Below are the records; locate each line with the word "imports" and copy it.

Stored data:
'''
definition inverse_system ::
  "('a, 'm) ring_scheme \<Rightarrow> ('i::order \<Rightarrow> ('a, 'b, 'c) module_scheme) \<Rightarrow> ('i \<Rightarrow> 'i \<Rightarrow> 'b \<Rightarrow> 'b) \<Rightarrow> bool" where
  "inverse_system R D g \<longleftrightarrow>
     (\<forall>i. left_module R (D i))
   \<and> (\<forall>i j. i \<le> j \<longrightarrow> g i j \<in> lmod_hom R (D j) (D i))
   \<and> (\<forall>i. \<forall>x\<in>carrier (D i). g i i x = x)
   \<and> (\<forall>i j k. i \<le> j \<longrightarrow> j \<le> k \<longrightarrow> (\<forall>x\<in>carrier (D k). g i j (g j k x) = g i k x))"

definition inv_limit :: "('i::order \<Rightarrow> ('a, 'b, 'c) module_scheme) \<Rightarrow> ('i \<Rightarrow> 'i \<Rightarrow> 'b \<Rightarrow> 'b) \<Rightarrow> ('i \<Rightarrow> 'b) set" where
  "inv_limit D g = {x. (\<forall>i. x i \<in> carrier (D i)) \<and> (\<forall>i j. i \<le> j \<longrightarrow> g i j (x j) = x i)}"

definition inv_limit_zero :: "('i::order \<Rightarrow> ('a, 'b, 'c) module_scheme) \<Rightarrow> ('i \<Rightarrow> 'i \<Rightarrow> 'b \<Rightarrow> 'b) \<Rightarrow> bool" where
  "inv_limit_zero D g \<longleftrightarrow> inv_limit D g = {(\<lambda>i. \<zero>\<^bsub>D i\<^esub>)}"

definition mittag_leffler :: "('i::order \<Rightarrow> ('a, 'b, 'c) module_scheme) \<Rightarrow> ('i \<Rightarrow> 'i \<Rightarrow> 'b \<Rightarrow> 'b) \<Rightarrow> bool" where
  "mittag_leffler D g \<longleftrightarrow>
     (\<forall>i. \<exists>j\<ge>i. \<forall>k\<ge>j. g i j ` carrier (D j) = g i k ` carrier (D k))"

definition strict_mittag_leffler :: "('i::order \<Rightarrow> ('a, 'b, 'c) module_scheme) \<Rightarrow> ('i \<Rightarrow> 'i \<Rightarrow> 'b \<Rightarrow> 'b) \<Rightarrow> bool" where
  "strict_mittag_leffler D g \<longleftrightarrow>
     (\<forall>i. \<exists>j\<ge>i. g i j ` carrier (D j) = (\<lambda>x. x i) ` inv_limit D g)"

end

theory Submission
  imports Defs
begin

text \<open>Take for \<open>D\<^sub>\<alpha>\<close> the direct sum of copies of \<open>M\<close> indexed by the injections
\<open>\<alpha> \<rightarrow> \<nat>\<close> with infinite coimage, and for \<open>g\<^sub>\<alpha>\<^sub>\<beta>\<close> the map induced by restricting injections
from \<open>\<beta>\<close> to \<open>\<alpha>\<close>. Since \<open>\<beta>\<close> is countable and the coimage infinite, every injection on \<open>\<alpha>\<close>
extends to \<open>\<beta>\<close>, so the \<open>g\<^sub>\<alpha>\<^sub>\<beta>\<close> are onto. The supports of a nonzero thread are finite
sets whose cardinality is monotone, hence eventually constant; from then on restriction is a
bijection between supports, so one point of a support lifts to a coherent family of
injections \<open>\<gamma> \<rightarrow> \<nat>\<close> for all large \<open>\<gamma>\<close>. Their union would inject \<open>\<aleph>\<^sub>1\<close> into \<open>\<nat>\<close>.\<close>

section \<open>Pushforward of finitely supported functions\<close>

definition pushforward :: "('b, 'm) ring_scheme \<Rightarrow> ('x \<Rightarrow> 'y) \<Rightarrow> ('x \<Rightarrow> 'b) \<Rightarrow> 'y \<Rightarrow> 'b" where
  "pushforward G \<phi> h y = finsum G h {z. h z \<noteq> \<zero>\<^bsub>G\<^esub> \<and> \<phi> z = y}"

context abelian_monoid
begin

definition finsupp :: "('x \<Rightarrow> 'a) \<Rightarrow> bool" where
  "finsupp h \<longleftrightarrow> finite {z. h z \<noteq> \<zero>} \<and> (\<forall>z. h z \<in> carrier G)"

lemma pushforward_eq_finsum:
  assumes "finsupp h" "finite A" "{z. h z \<noteq> \<zero>} \<subseteq> A"
  shows "pushforward G \<phi> h y = finsum G h {z\<in>A. \<phi> z = y}"
  unfolding pushforward_def
  by (rule add.finprod_mono_neutral_cong_left) (use assms in \<open>auto simp: finsupp_def\<close>)

lemma pushforward_empty_fiber:
  "(\<And>z. h z \<noteq> \<zero> \<Longrightarrow> \<phi> z \<noteq> y) \<Longrightarrow> pushforward G \<phi> h y = \<zero>"
proof -
  assume "\<And>z. h z \<noteq> \<zero> \<Longrightarrow> \<phi> z \<noteq> y"
  then have empty: "{z. h z \<noteq> \<zero> \<and> \<phi> z = y} = {}" by blast
  show ?thesis unfolding pushforward_def empty by simp
qed

lemma pushforward_closed: "finsupp h \<Longrightarrow> pushforward G \<phi> h y \<in> carrier G"
  unfolding pushforward_def finsupp_def by (intro finsum_closed) auto

lemma pushforward_support: "{y. pushforward G \<phi> h y \<noteq> \<zero>} \<subseteq> \<phi> ` {z. h z \<noteq> \<zero>}"
proof (rule subsetI, rule ccontr)
  fix y assume "y \<in> {y. pushforward G \<phi> h y \<noteq> \<zero>}" and "y \<notin> \<phi> ` {z. h z \<noteq> \<zero>}"
  moreover from \<open>y \<notin> _\<close> have "pushforward G \<phi> h y = \<zero>"
    by (intro pushforward_empty_fiber) auto
  ultimately show False by simp
qed

lemma finsupp_pushforward:
  assumes "finsupp h"
  shows "finsupp (pushforward G \<phi> h)"
proof -
  have "finite {y. pushforward G \<phi> h y \<noteq> \<zero>}"
    by (rule finite_subset[OF pushforward_support]) (use assms in \<open>simp add: finsupp_def\<close>)
  then show ?thesis unfolding finsupp_def by (intro conjI allI pushforward_closed[OF assms])
qed

lemma pushforward_add:
  assumes "finsupp h1" "finsupp h2"
  shows "pushforward G \<phi> (\<lambda>z. h1 z \<oplus> h2 z) y = pushforward G \<phi> h1 y \<oplus> pushforward G \<phi> h2 y"
proof -
  let ?A = "{z. h1 z \<noteq> \<zero>} \<union> {z. h2 z \<noteq> \<zero>}"
  have fin: "finite ?A" using assms by (auto simp: finsupp_def)
  have sub1: "{z. h1 z \<noteq> \<zero>} \<subseteq> ?A" and sub2: "{z. h2 z \<noteq> \<zero>} \<subseteq> ?A" by blast+
  have "{z. h1 z \<oplus> h2 z \<noteq> \<zero>} \<subseteq> ?A" using assms by (auto simp: finsupp_def)
  then have sum: "finsupp (\<lambda>z. h1 z \<oplus> h2 z)"
    using assms fin finite_subset by (auto simp: finsupp_def)
  have "pushforward G \<phi> (\<lambda>z. h1 z \<oplus> h2 z) y = finsum G (\<lambda>z. h1 z \<oplus> h2 z) {z\<in>?A. \<phi> z = y}"
    by (rule pushforward_eq_finsum[OF sum fin]) (use assms in \<open>auto simp: finsupp_def\<close>)
  also have "\<dots> = finsum G h1 {z\<in>?A. \<phi> z = y} \<oplus> finsum G h2 {z\<in>?A. \<phi> z = y}"
    by (rule finsum_addf) (use assms in \<open>auto simp: finsupp_def\<close>)
  also have "\<dots> = pushforward G \<phi> h1 y \<oplus> pushforward G \<phi> h2 y"
    by (simp only: pushforward_eq_finsum[OF assms(1) fin sub1] pushforward_eq_finsum[OF assms(2) fin sub2])
  finally show ?thesis .
qed
(* Let $\{\phi_j\}_{j\in\mathbb Z}$ be the Fourier basis $\phi_j(t)=e^{\mathrm ij\pi t}$, $T=\{t_n\}_{n=1}^N\subseteq[-1,1]$ a set of $N$ scattered data points with density $h$. Then for each $0<\epsilon<1$ there exists $c(\epsilon)>0$ such that if $h\le c(\epsilon)M^{-1}$, then the least-squares problem $\min_z\|UP_Mz-y\|$ over $z$ supported in $\{-M,\dots,M-1\}$ has a unique solution $\check x$, and it satisfies $$\|x-\check x\|\le\left(1+\frac1{\sqrt{1-\epsilon}}\right)\|x-P_Mx\|_{1,w}+\frac1{\sqrt{1-\epsilon}}\eta$$ for any weights $w=\{w_i\}$ with $w_i\ge1$.
   Context: Fourier setting: $D=(-1,1)$, $\nu=1/2$, basis indexed by $\mathbb Z$. $h=\sup_{t\in(-1,1)}\min_n|t-t_n|$; Voronoi cells $V_n=\{t\in(-1,1):|t-t_n|\le|t-t_m|\ \forall m\ne n\}$; $\tau_n=\int_{V_n}\nu$. $U_{n,j}=\sqrt{\tau_n}\phi_j(t_n)$, $j\in\mathbb Z$. $P_M$ is the coordinate projection onto indices $\{-M,\dots,M-1\}$. $\|z\|_{1,w}=\sum_{i\in\mathbb Z}w_i|z_i|$, $\|\cdot\|$ the $\ell^2$ norm. Target $f=\sum_jx_j\phi_j$ with coefficient sequence $x$; data $y=\{\sqrt{\tau_n}(f(t_n)+e_n)\}$, $|e_n|\le\eta$. *)

theory Defs
  imports "HOL-Analysis.Analysis"
begin

definition fourier :: "int \<Rightarrow> real \<Rightarrow> complex" where
  "fourier j t = exp (\<i> * of_int j * of_real pi * of_real t)"

definition fill_dist :: "nat \<Rightarrow> (nat \<Rightarrow> real) \<Rightarrow> real" where
  "fill_dist N t = Sup ((\<lambda>s. Min ((\<lambda>n. \<bar>s - t n\<bar>) ` {1..N})) ` {-1<..<1})"

definition voronoi :: "nat \<Rightarrow> (nat \<Rightarrow> real) \<Rightarrow> nat \<Rightarrow> real set" where
  "voronoi N t n = {s \<in> {-1<..<1}. \<forall>m\<in>{1..N}. m \<noteq> n \<longrightarrow> \<bar>s - t n\<bar> \<le> \<bar>s - t m\<bar>}"

definition tau :: "nat \<Rightarrow> (nat \<Rightarrow> real) \<Rightarrow> nat \<Rightarrow> real" where
  "tau N t n = integral (voronoi N t n) (\<lambda>_. 1/2)"

definition Umat :: "nat \<Rightarrow> (nat \<Rightarrow> real) \<Rightarrow> nat \<Rightarrow> int \<Rightarrow> complex" where
  "Umat N t n j = complex_of_real (sqrt (tau N t n)) * fourier j (t n)"

definition projM :: "nat \<Rightarrow> (int \<Rightarrow> complex) \<Rightarrow> int \<Rightarrow> complex" where
  "projM M z j = (if j \<in> {- int M..<int M} then z j else 0)"

definition lsq_residual ::
  "nat \<Rightarrow> (nat \<Rightarrow> real) \<Rightarrow> nat \<Rightarrow> (nat \<Rightarrow> complex) \<Rightarrow> (int \<Rightarrow> complex) \<Rightarrow> real" where
  "lsq_residual N t M y z =
     sqrt (\<Sum>n=1..N. (cmod ((\<Sum>j\<in>{- int M..<int M}. Umat N t n j * projM M z j) - y n))\<^sup>2)"

definition l2norm :: "(int \<Rightarrow> complex) \<Rightarrow> real" where
  "l2norm z = sqrt (infsum (\<lambda>j. (cmod (z j))\<^sup>2) UNIV)"

definition wl1norm :: "(int \<Rightarrow> real) \<Rightarrow> (int \<Rightarrow> complex) \<Rightarrow> real" where
  "wl1norm w z = infsum (\<lambda>i. w i * cmod (z i)) UNIV"

end

theory Submission
  imports Defs
begin
(* Let $(\mathcal X,\rho)$ be a non-empty Polish metric space with Borel $\sigma$-field $\mathfrak B(\mathcal X)$, and let $\mathcal Y\in\mathfrak B(\mathcal X)$ satisfy the entropy condition $$c_{x,0}\,s^{-\gamma}\le \log \mathcal N_{\mathcal X}(s,\mathcal Y,\rho)\le c_{x,1}\,s^{-\gamma}\qquad\text{for all } s\in(0,s_0),$$ for some constants $s_0>0$, $0<c_{x,0}<c_{x,1}$, $\gamma>0$. Fix $C>0$ and $\beta\in(0,1]$, and let $\mathcal G=\mathcal G_{\beta,C}$ be the class of all Borel measurable $g:\mathcal X\to\mathbb R$ with $\sup_{y\in\mathcal Y}|g(y)|\le C$ and $|g(y)-g(z)|\le C\rho(y,z)^\beta$ for all $y,z\in\mathcal Y$. For each $n$, observe $(X_1,Y_1),\dots,(X_n,Y_n)$ with $Y_j=g(X_j)+\varepsilon_j$, where $g\in\mathcal G$, the pairs $(X_1,\varepsilon_1),\dots,(X_n,\varepsilon_n)$ are i.i.d., the $X_j$ take values in $\mathcal X$ with law $P_{X,n}$ on $\mathfrak B(\mathcal X)$ satisfying $P_{X,n}(\mathcal Y)=1$, the $\varepsilon_j$ are real-valued, and $E(\varepsilon_1\mid X_1)=0$ and $\operatorname{var}(\varepsilon_1\mid X_1)\le c_v$ almost surely, for a constant $c_v$. Define, with $K=1_{[0,1)}$ and $K_h:=K(\cdot/h)$, $$\hat A(x)=\frac1n\sum_{j=1}^n Y_jK_h(\rho(x,X_j)),\quad \hat B(x)=\frac1n\sum_{j=1}^n K_h(\rho(x,X_j)),\quad \hat g(x)=\begin{cases}\hat A(x)/\hat B(x),&\hat B(x)>\delta_n,\\ 0,&\text{otherwise},\end{cases}$$ where $\delta_n=n^{-\eta}$ with $\eta\in(0,1/2)$ and $h=\{d\log n\}^{-1/\gamma}$ with $d\in(0,\eta\, c_{x,1}^{-1}4^{-\gamma})$. Then for any sequence $\{P_{X,n}\}_n$ of such design measures, $$\sup_{g\in\mathcal G}\int E|\hat g(x)-g(x)|^2\,\mathrm dP_{X,n}(x)=\mathcal O\big(\{\log n\}^{-2\beta/\gamma}\big)\quad (n\to\infty).$$
   Context: $\mathcal N_{\mathcal X}(\delta,\mathcal Y,\rho)$ denotes the covering number: the minimal number of open $\rho$-balls in $\mathcal X$ of radius $\delta$ whose union contains $\mathcal Y$. A Polish metric space is a separable complete metric space. The expectation $E$ is over the data $(X_j,Y_j)_{j\le n}$ for fixed $x$. *)

theory Defs
  imports "HOL-Probability.Probability"
begin

text \<open>Covering number N_X(delta, Y, rho): minimal number of open balls of radius delta,
  with centres in the whole space X (the type), whose union contains Y; infinity if no
  finite cover exists.\<close>
definition covering_number :: "real \<Rightarrow> 'a::metric_space set \<Rightarrow> enat" where
  "covering_number \<delta> Y = Inf {enat (card C) | C. finite C \<and> Y \<subseteq> (\<Union>c\<in>C. ball c \<delta>)}"

definition hoelder_class :: "'a::metric_space set \<Rightarrow> real \<Rightarrow> real \<Rightarrow> ('a \<Rightarrow> real) set" where
  "hoelder_class Y \<beta> C = {g. g \<in> borel_measurable borel \<and>
      (\<forall>y\<in>Y. \<bar>g y\<bar> \<le> C) \<and>
      (\<forall>y\<in>Y. \<forall>z\<in>Y. \<bar>g y - g z\<bar> \<le> C * dist y z powr \<beta>)}"

definition Kh :: "real \<Rightarrow> real \<Rightarrow> real" where
  "Kh h r = indicator {0..<1} (r / h)"

text \<open>Data omega j = (X_j, eps_j); responses Y_j = g X_j + eps_j.\<close>
definition A_hat :: "nat \<Rightarrow> real \<Rightarrow> ('a::metric_space \<Rightarrow> real) \<Rightarrow> (nat \<Rightarrow> 'a \<times> real) \<Rightarrow> 'a \<Rightarrow> real" where
  "A_hat n h g \<omega> x = (1 / real n) * (\<Sum>j<n. (g (fst (\<omega> j)) + snd (\<omega> j)) * Kh h (dist x (fst (\<omega> j))))"

definition B_hat :: "nat \<Rightarrow> real \<Rightarrow> (nat \<Rightarrow> 'a::metric_space \<times> real) \<Rightarrow> 'a \<Rightarrow> real" where
  "B_hat n h \<omega> x = (1 / real n) * (\<Sum>j<n. Kh h (dist x (fst (\<omega> j))))"

definition g_hat :: "nat \<Rightarrow> real \<Rightarrow> real \<Rightarrow> ('a::metric_space \<Rightarrow> real) \<Rightarrow> (nat \<Rightarrow> 'a \<times> real) \<Rightarrow> 'a \<Rightarrow> real" where
  "g_hat n h \<delta> g \<omega> x = (if B_hat n h \<omega> x > \<delta> then A_hat n h g \<omega> x / B_hat n h \<omega> x else 0)"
'''
_Exercise answer:_
  imports Defs
  imports "HOL-Analysis.Analysis"
  imports Defs
  imports "HOL-Probability.Probability"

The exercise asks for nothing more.